• **Required action**:
Scan the entries below and return each line that contains "False".

• **Saved entries**:

lemma
  fixes f :: "seq \<Rightarrow> real"
  assumes [measurable]: "f \<in> borel_measurable mme" and f: "integrable mme f"
  shows integrable_Ruelle: "integrable mme (Ruelle f)"
    and integral_Ruelle: "integral\<^sup>L mme (Ruelle f) = integral\<^sup>L mme f"
proof -
  interpret prob_space mme
    by (rule prob_space_mme)
  interpret pair_sigma_finite coin mme
    by unfold_locales
  have f_pair: "integrable (coin \<Otimes>\<^sub>M mme) (\<lambda>(a, x). f (prepend a x))"
    using f integrable_distr_eq[of "\<lambda>(a, x). prepend a x" "coin \<Otimes>\<^sub>M mme" mme f,
        unfolded distr_prepend_mme]
    by (simp add: split_beta')
  have Ruelle_eq: "(\<integral>a. f (prepend a x) \<partial>coin) = Ruelle f x" for x
    by (simp add: Ruelle_def)
  show "integrable mme (Ruelle f)"
    using integrable_snd[of "\<lambda>a x. f (prepend a x)"] f_pair by (simp add: Ruelle_eq)
  have "integral\<^sup>L mme (Ruelle f) = integral\<^sup>L (coin \<Otimes>\<^sub>M mme) (\<lambda>(a, x). f (prepend a x))"
    using integral_snd[of "\<lambda>a x. f (prepend a x)"] f_pair by (simp add: Ruelle_eq)
  also have "\<dots> = integral\<^sup>L mme f"
    using integral_distr[of "\<lambda>(a, x). prepend a x" "coin \<Otimes>\<^sub>M mme" mme f,
        unfolded distr_prepend_mme]
    by (simp add: split_beta')
  finally show "integral\<^sup>L mme (Ruelle f) = integral\<^sup>L mme f" .
qed

section \<open>Cylinders and the functions \<open>e\<^sub>w\<close>\<close>

lemma sets_cylinder [measurable]: "cylinder v \<in> sets mme"
proof -
  have "cylinder v = {x \<in> space mme. \<forall>i\<in>{..<length v}. x i = v ! i}"
    by (auto simp: cylinder_def)
  also have "\<dots> \<in> sets mme"
    unfolding mme_def by measurable
  finally show ?thesis .
qed

lemma prepend_in_cylinder_Cons:
  "prepend a x \<in> cylinder (b # v) \<longleftrightarrow> a = b \<and> x \<in> cylinder v"
  by (auto simp: cylinder_def prepend_def less_Suc_eq_0_disj)

lemma Ruelle_indicator_cylinder_Cons:
  "Ruelle (indicator (cylinder (b # v))) = (\<lambda>x. indicator (cylinder v) x / 2)"
  by (cases b) (auto simp: Ruelle_def indicator_def prepend_in_cylinder_Cons fun_eq_iff)

lemma integral_indicator_cylinder:
  "integral\<^sup>L mme (indicator (cylinder v) :: seq \<Rightarrow> real) = (1/2) ^ length v"
proof (induction v)
  case Nil
  interpret prob_space mme
    by (rule prob_space_mme)
  have "cylinder [] = space mme"
    by (simp add: cylinder_def)
  then show ?case
    using prob_space by simp
next
  case (Cons b v)
  have "integral\<^sup>L mme (indicator (cylinder (b # v)) :: seq \<Rightarrow> real)
      = integral\<^sup>L mme (Ruelle (indicator (cylinder (b # v))))"
    by (rule integral_Ruelle[symmetric]) (auto intro!: integrable_bounded_mme[where C = 1])
  also have "\<dots> = integral\<^sup>L mme (indicator (cylinder v) :: seq \<Rightarrow> real) / 2"
    by (simp add: Ruelle_indicator_cylinder_Cons)
  finally show ?case
    using Cons by simp
qed

lemma borel_measurable_ew [measurable]: "ew w \<in> borel_measurable mme"
  unfolding ew_def by measurable

lemma in_cylinder_snoc_iff: "x \<in> cylinder (v @ [b]) \<longleftrightarrow> x \<in> cylinder v \<and> x (length v) = b"
  by (auto simp: cylinder_def nth_append less_Suc_eq)

lemma ew_eq_0_outside: "x \<notin> cylinder w \<Longrightarrow> ew w x = 0"
  by (simp add: ew_def in_cylinder_snoc_iff)

lemma abs_ew_le: "\<bar>ew w x\<bar> \<le> 2 powr (real (length w) / 2)"
  by (auto simp: ew_def indicator_def in_cylinder_snoc_iff abs_mult)

lemma ew_square:
  "(ew w x)\<^sup>2 = 2 ^ length w *
     (indicator (cylinder (w @ [True])) x + indicator (cylinder (w @ [False])) x)"
proof -
  have "(2 powr (real (length w) / 2))\<^sup>2 = 2 powr (real (length w) / 2 + real (length w) / 2)"
    unfolding power2_eq_square powr_add ..
  also have "\<dots> = 2 ^ length w"
    by (simp add: powr_realpow)
  finally have "(2 powr (real (length w) / 2))\<^sup>2 = 2 ^ length w" .
  then show ?thesis
    by (auto simp: ew_def power_mult_distrib indicator_def in_cylinder_snoc_iff)
qed

lemma measure_cylinder: "measure mme (cylinder v) = (1/2) ^ length v"
  using integral_indicator_cylinder[of v] by simp

lemma integrable_indicator_cylinder: "integrable mme (indicator (cylinder v) :: seq \<Rightarrow> real)"
  by (auto intro!: integrable_bounded_mme[where C = 1])

lemma integral_ew: "integral\<^sup>L mme (ew w) = 0"
  unfolding ew_def by (simp add: integrable_indicator_cylinder measure_cylinder)

lemma integral_ew_square: "(\<integral>x. (ew w x)\<^sup>2 \<partial>mme) = 1"
  by (simp add: ew_square integrable_indicator_cylinder measure_cylinder power_add power_divide)

definition depends_on_prefix :: "nat \<Rightarrow> (seq \<Rightarrow> 'a) \<Rightarrow> bool" where
  "depends_on_prefix n g \<longleftrightarrow> (\<forall>x y. (\<forall>i<n. x i = y i) \<longrightarrow> g x = g y)"

lemma depends_on_prefix_ew: "depends_on_prefix (Suc (length w)) (ew w)"
  unfolding depends_on_prefix_def
proof (intro allI impI)
  fix x y :: seq
  assume "\<forall>i<Suc (length w). x i = y i"
  then have "x \<in> cylinder (w @ [b]) \<longleftrightarrow> y \<in> cylinder (w @ [b])" for b
    by (simp add: cylinder_def)
  then show "ew w x = ew w y"
    by (simp add: ew_def indicator_def)
qed

lemma depends_on_prefix_Ruelle:
  assumes "depends_on_prefix (Suc n) g"
  shows "depends_on_prefix n (Ruelle g)"
  unfolding depends_on_prefix_def
proof (intro allI impI)
  fix x y :: seq
  assume "\<forall>i<n. x i = y i"
  then have "\<forall>i<Suc n. prepend a x i = prepend a y i" for a
    by (auto simp: prepend_def less_Suc_eq_0_disj)
  then have "g (prepend a x) = g (prepend a y)" for a
    using assms by (simp add: depends_on_prefix_def)
  then show "Ruelle g x = Ruelle g y"
    by (simp add: Ruelle_def)
qed

lemma integral_ew_mult_prefix_function:
  fixes g :: "seq \<Rightarrow> real"
  assumes "depends_on_prefix (length w) g"
  shows "(\<integral>x. g x * ew w x \<partial>mme) = 0"
proof -
  define x\<^sub>0 :: seq where "x\<^sub>0 i = (if i < length w then w ! i else False)" for i
  have "g x * ew w x = g x\<^sub>0 * ew w x" for x
  proof (cases "x \<in> cylinder w")
    case True
    then have "g x = g x\<^sub>0"
      using assms by (simp add: depends_on_prefix_def cylinder_def x\<^sub>0_def)
    then show ?thesis
      by simp
  qed (simp add: ew_eq_0_outside)
  then have "(\<integral>x. g x * ew w x \<partial>mme) = (\<integral>x. g x\<^sub>0 * ew w x \<partial>mme)"
    by presburger
  also have "\<dots> = 0"
    by (simp add: integral_ew)
  finally show ?thesis .
qed

section \<open>\<open>L\<^sup>2\<close> estimates and operator norms\<close>

lemma borel_measurable_L2: "f \<in> L2 \<Longrightarrow> f \<in> borel_measurable mme"
  by (simp add: L2_def)

lemma integrable_square_L2: "f \<in> L2 \<Longrightarrow> integrable mme (\<lambda>x. (f x)\<^sup>2)"
  by (simp add: L2_def)

lemma integrable_mult_L2:
  assumes "f \<in> L2" and "g \<in> L2"
  shows "integrable mme (\<lambda>x. f x * g x)"
proof (rule Bochner_Integration.integrable_bound)
  show "integrable mme (\<lambda>x. (f x)\<^sup>2 + (g x)\<^sup>2)"
    using assms by (simp add: integrable_square_L2)
  have [measurable]: "f \<in> borel_measurable mme" "g \<in> borel_measurable mme"
    using assms by (simp_all add: borel_measurable_L2)
  show "(\<lambda>x. f x * g x) \<in> borel_measurable mme"
    by measurable
  have "\<bar>f x * g x\<bar> \<le> (f x)\<^sup>2 + (g x)\<^sup>2" for x
  proof -
    have "\<bar>f x * g x\<bar> \<le> 2 * \<bar>f x * g x\<bar>"
      by simp
    also have "\<dots> \<le> (f x)\<^sup>2 + (g x)\<^sup>2"
      using sum_squares_bound[of "\<bar>f x\<bar>" "\<bar>g x\<bar>"] by (simp add: abs_mult mult.assoc)
    finally show ?thesis .
  qed
  then show "AE x in mme. norm (f x * g x) \<le> norm ((f x)\<^sup>2 + (g x)\<^sup>2)"
    by simp
qed

lemma bounded_in_L2:
  assumes "f \<in> borel_measurable mme" and "\<And>x. \<bar>f x\<bar> \<le> C"
  shows "f \<in> L2"
proof -
  have "\<bar>(f x)\<^sup>2\<bar> \<le> C\<^sup>2" for x
    using assms(2)[of x] abs_le_square_iff[of "f x" C] by simp
  then show ?thesis
    using assms by (auto simp: L2_def intro!: integrable_bounded_mme[where C = "C\<^sup>2"])
qed

lemma ew_in_L2: "ew w \<in> L2"
  by (rule bounded_in_L2[OF borel_measurable_ew abs_ew_le])

lemma Koop_in_L2:
  assumes f: "f \<in> L2"
  shows "Koop f \<in> L2"
proof -
  have [measurable]: "f \<in> borel_measurable mme"
    using f by (rule borel_measurable_L2)
  have "integrable mme (Koop (\<lambda>x. (f x)\<^sup>2))"
    using integrable_square_L2[OF f] by (simp add: integrable_Koop_iff)
  then show ?thesis
    by (simp add: L2_def Koop_def o_def)
qed

lemma Ruelle_square_le: "(Ruelle f x)\<^sup>2 \<le> Ruelle (\<lambda>x. (f x)\<^sup>2) x"
  using sum_squares_bound[of "f (prepend False x)" "f (prepend True x)"]
  by (simp add: Ruelle_def power2_eq_square field_simps)

lemma
  assumes f: "f \<in> L2"
  shows Ruelle_in_L2: "Ruelle f \<in> L2"
    and L2_inner_Ruelle_Ruelle_le: "L2_inner (Ruelle f) (Ruelle f) \<le> L2_inner f f"
proof -
  have [measurable]: "f \<in> borel_measurable mme"
    using f by (rule borel_measurable_L2)
  have Ruelle_square: "integrable mme (Ruelle (\<lambda>x. (f x)\<^sup>2))"
    using integrable_Ruelle integrable_square_L2[OF f] by simp
  have "integrable mme (\<lambda>x. (Ruelle f x)\<^sup>2)"
  proof (rule Bochner_Integration.integrable_bound[OF Ruelle_square])
    show "AE x in mme. norm ((Ruelle f x)\<^sup>2) \<le> norm (Ruelle (\<lambda>x. (f x)\<^sup>2) x)"
      using Ruelle_square_le by (simp add: Ruelle_def)
  qed measurable
  then show Ruelle_f: "Ruelle f \<in> L2"
    by (simp add: L2_def)
  have "L2_inner (Ruelle f) (Ruelle f) \<le> integral\<^sup>L mme (Ruelle (\<lambda>x. (f x)\<^sup>2))"
    unfolding L2_inner_def
    by (intro integral_mono integrable_mult_L2 Ruelle_f Ruelle_square)
      (simp add: Ruelle_square_le flip: power2_eq_square)
  also have "\<dots> = L2_inner f f"
    using integral_Ruelle integrable_square_L2[OF f]
    by (simp add: L2_inner_def power2_eq_square)
  finally show "L2_inner (Ruelle f) (Ruelle f) \<le> L2_inner f f" .
qed

lemma L2_inner_commute: "L2_inner f g = L2_inner g f"
  by (simp add: L2_inner_def mult.commute)

lemma L2_norm_nonneg: "0 \<le> L2_norm f"
  by (simp add: L2_norm_def)

lemma L2_norm_eq_1_iff: "L2_norm f = 1 \<longleftrightarrow> (L2_norm f)\<^sup>2 = 1"
  using L2_norm_nonneg[of f] by (simp add: power2_eq_1_iff)

lemma L2_norm_square: "(L2_norm f)\<^sup>2 = L2_inner f f"
  by (simp add: L2_norm_def L2_inner_def power2_eq_square)

lemma L2_inner_Koop_Koop:
  assumes "f \<in> borel_measurable mme" and "g \<in> borel_measurable mme"
  shows "L2_inner (Koop f) (Koop g) = L2_inner f g"
  using integral_Koop[of "\<lambda>x. f x * g x"] assms by (simp add: L2_inner_def Koop_def o_def)

lemma L2_inner_Koop_left:
  assumes f: "f \<in> L2" and g: "g \<in> L2"
  shows "L2_inner (Koop f) g = L2_inner f (Ruelle g)"
proof -
  have "Ruelle (\<lambda>x. Koop f x * g x) = (\<lambda>x. f x * Ruelle g x)"
    by (simp add: Ruelle_def fun_eq_iff field_simps)
  moreover have "integrable mme (\<lambda>x. Koop f x * g x)"
    by (rule integrable_mult_L2[OF Koop_in_L2[OF f] g])
  moreover have [measurable]: "f \<in> borel_measurable mme" "g \<in> borel_measurable mme"
    using f g by (simp_all add: borel_measurable_L2)
  ultimately show ?thesis
    using integral_Ruelle[of "\<lambda>x. Koop f x * g x"] by (simp add: L2_inner_def)
qed

lemma Bessel_inequality_two:
  assumes f: "f \<in> L2" and u: "u \<in> L2" and v: "v \<in> L2"
    and uu: "L2_inner u u = 1" and vu: "L2_inner v u = 0" and vv: "L2_inner v v \<le> 1"
  shows "(L2_inner f u)\<^sup>2 + (L2_inner f v)\<^sup>2 \<le> L2_inner f f"
proof -
  have uv: "L2_inner u v = 0"
    using vu by (simp add: L2_inner_commute)
  define s t where "s = L2_inner f u" and "t = L2_inner f v"
  have "(\<lambda>x. (f x - s * u x - t * v x)\<^sup>2) = (\<lambda>x. f x * f x - 2 * s * (f x * u x)
      - 2 * t * (f x * v x) + s\<^sup>2 * (u x * u x) + 2 * s * t * (u x * v x) + t\<^sup>2 * (v x * v x))"
    by (simp add: fun_eq_iff power2_eq_square algebra_simps)
  then have "(\<integral>x. (f x - s * u x - t * v x)\<^sup>2 \<partial>mme) = L2_inner f f - 2 * s * L2_inner f u
      - 2 * t * L2_inner f v + s\<^sup>2 * L2_inner u u + 2 * s * t * L2_inner u v + t\<^sup>2 * L2_inner v v"
    using f u v by (simp add: L2_inner_def integrable_mult_L2)
  moreover have "0 \<le> (\<integral>x. (f x - s * u x - t * v x)\<^sup>2 \<partial>mme)"
    by simp
  moreover have "t\<^sup>2 * L2_inner v v \<le> t\<^sup>2"
    using vv by (simp add: mult_left_le)
  ultimately show ?thesis
    using uu uv by (simp add: s_def [symmetric] t_def [symmetric] power2_eq_square)
qed

lemma L2_norm_square_orthogonal_diff:
  assumes b: "b \<in> L2" and u: "u \<in> L2" and bu: "L2_inner b u = 0" and uu: "L2_inner u u = 1"
  shows "(L2_norm (\<lambda>x. c * b x - d * u x))\<^sup>2 = c\<^sup>2 * L2_inner b b + d\<^sup>2"
proof -
  have "(\<lambda>x. (c * b x - d * u x) * (c * b x - d * u x)) =
      (\<lambda>x. c\<^sup>2 * (b x * b x) - 2 * c * d * (b x * u x) + d\<^sup>2 * (u x * u x))"
    by (simp add: fun_eq_iff power2_eq_square algebra_simps)
  then show ?thesis
    using b u bu uu by (simp add: L2_norm_square L2_inner_def integrable_mult_L2)
qed

lemma L2_norm_rank_two_le:
  assumes \<phi>: "\<phi> \<in> L2" and u: "u \<in> L2" and v: "v \<in> L2" and b: "b \<in> L2"
    and uu: "L2_inner u u = 1" and vu: "L2_inner v u = 0" and vv: "L2_inner v v \<le> 1"
    and bu: "L2_inner b u = 0" and bb: "L2_inner b b \<le> 1"
  shows "L2_norm (\<lambda>x. L2_inner \<phi> u * b x - L2_inner \<phi> v * u x) \<le> L2_norm \<phi>"
proof (rule power2_le_imp_le)
  have "(L2_inner \<phi> u)\<^sup>2 * L2_inner b b \<le> (L2_inner \<phi> u)\<^sup>2"
    using bb by (simp add: mult_left_le)
  then show "(L2_norm (\<lambda>x. L2_inner \<phi> u * b x - L2_inner \<phi> v * u x))\<^sup>2 \<le> (L2_norm \<phi>)\<^sup>2"
    using L2_norm_square_orthogonal_diff[OF b u bu uu] Bessel_inequality_two[OF \<phi> u v uu vu vv]
    by (simp add: L2_norm_square)
qed (rule L2_norm_nonneg)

• **Output of the exercise**:
     (indicator (cylinder (w @ [True])) x + indicator (cylinder (w @ [False])) x)"
  define x\<^sub>0 :: seq where "x\<^sub>0 i = (if i < length w then w ! i else False)" for i
  using sum_squares_bound[of "f (prepend False x)" "f (prepend True x)"]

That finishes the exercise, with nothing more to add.